Congrats on pulling the plug to go to Africa.

I've been several times and two recommendations I'd make are:
1. Sign up for one of the meet and greet services to expedite getting you thru customs. Not sure if bows are a hassle but with rifles they want a pile of paperwork. Not fun after hours and hours of flying.
2. Since you live in Texas most of your stuff will have to go thru South Texas Fur. Call them and see what they suggest on getting your trophies here. Lots of games played. MANY outfitters have under the table deals with transportation agencies. Most folks don't consider the cost of this until it's too late. But if you go to Africa knowing how you want your stuff shipped you'll probably save $1k or more.

I'd also suggest you have your mounts done here and even the hides tanned here. You'd be amazed at what the Africans can screw up.

Check out this site for some add'l info: www.accuratereloading.com
It has more on African hunting than you can imagine.
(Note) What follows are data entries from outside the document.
lemma q_ne_r: "l \<in> {1..h} \<Longrightarrow> l' \<in> {1..m} \<Longrightarrow> q l \<noteq> r l'"
  using q_r_disjoint by blast

definition observed :: "nat \<Rightarrow> 'w \<Rightarrow> bool" where
  "observed j w \<longleftrightarrow> j \<notin> est p w \<and> (\<forall>l\<in>{1..h}. j \<in> est (q l) w) \<and> (\<forall>l\<in>{1..m}. j \<notin> est (r l) w)"

definition Q_support :: "nat set" where "Q_support = (\<Union>l\<in>{1..h}. Iset (q l))"
definition R_support :: "nat set" where "R_support = (\<Union>l\<in>{1..m}. Iset (r l))"

lemma observed_event:
  "{w \<in> space M. observed j w} = {w \<in> space M.
     (\<forall>s\<in>q ` {1..h}. w \<in> detected j s) \<and> (\<forall>s\<in>insert p (r ` {1..m}). w \<notin> detected j s)}"
  by (auto simp: observed_def)

lemma observed_in_events: "{w \<in> space M. observed j w} \<in> events"
  unfolding observed_event using p_in q_in r_in
  by (intro sets.Collect_in_notin_sets) (auto intro: detected_events)

lemma prob_observed:
  assumes "j \<in> {1..N}"
  shows "prob {w \<in> space M. observed j w} = (\<Prod>l\<in>{1..h}. prob (detected j (q l)))
    * ((1 - prob (detected j p)) * (\<Prod>l\<in>{1..m}. 1 - prob (detected j (r l))))"
proof -
  have "prob {w \<in> space M. observed j w}
      = (\<Prod>s\<in>q ` {1..h}. prob (detected j s)) * (\<Prod>s\<in>insert p (r ` {1..m}). 1 - prob (detected j s))"
    unfolding observed_event using assms p_in q_in r_in q_r_disjoint p_notin_q
    by (intro prob_indep_events_in_notin[OF indep_detected]) auto
  also have "(\<Prod>s\<in>insert p (r ` {1..m}). 1 - prob (detected j s))
      = (1 - prob (detected j p)) * (\<Prod>s\<in>r ` {1..m}. 1 - prob (detected j s))"
    using p_notin_r by (intro prod.insert) auto
  finally show ?thesis
    unfolding prod.reindex[OF inj_q] prod.reindex[OF inj_r] comp_def .
qed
In S Africa I hunted the Limpopo area. Where area will you be? What game will you be targeting?


----------



## FishAfrica (Jan 23, 2010)

Was born and raised in S Africa, glad to help if you need advise. You'd better take your fishing equipment as well as your rifle, it's a great place to saltwater fish, as well as catch some exotic freshwater species like the awesome Tigerfish.

I buy my airline tickets at www.bt-store.com or www.karellair.com
I'm lookin forward to my next trip, hopefully this fall!


----------



## Purefishn (Mar 22, 2005)

Thanks again for the info. I'll be hunting the Limpopo area as well. Hope to take 4 animals at: impala, warthog, zebra and a kudu. Would love to take a nyala but budget probably wont allow it. I only have about 6 days to hunt so I'm keeping my list short.


----------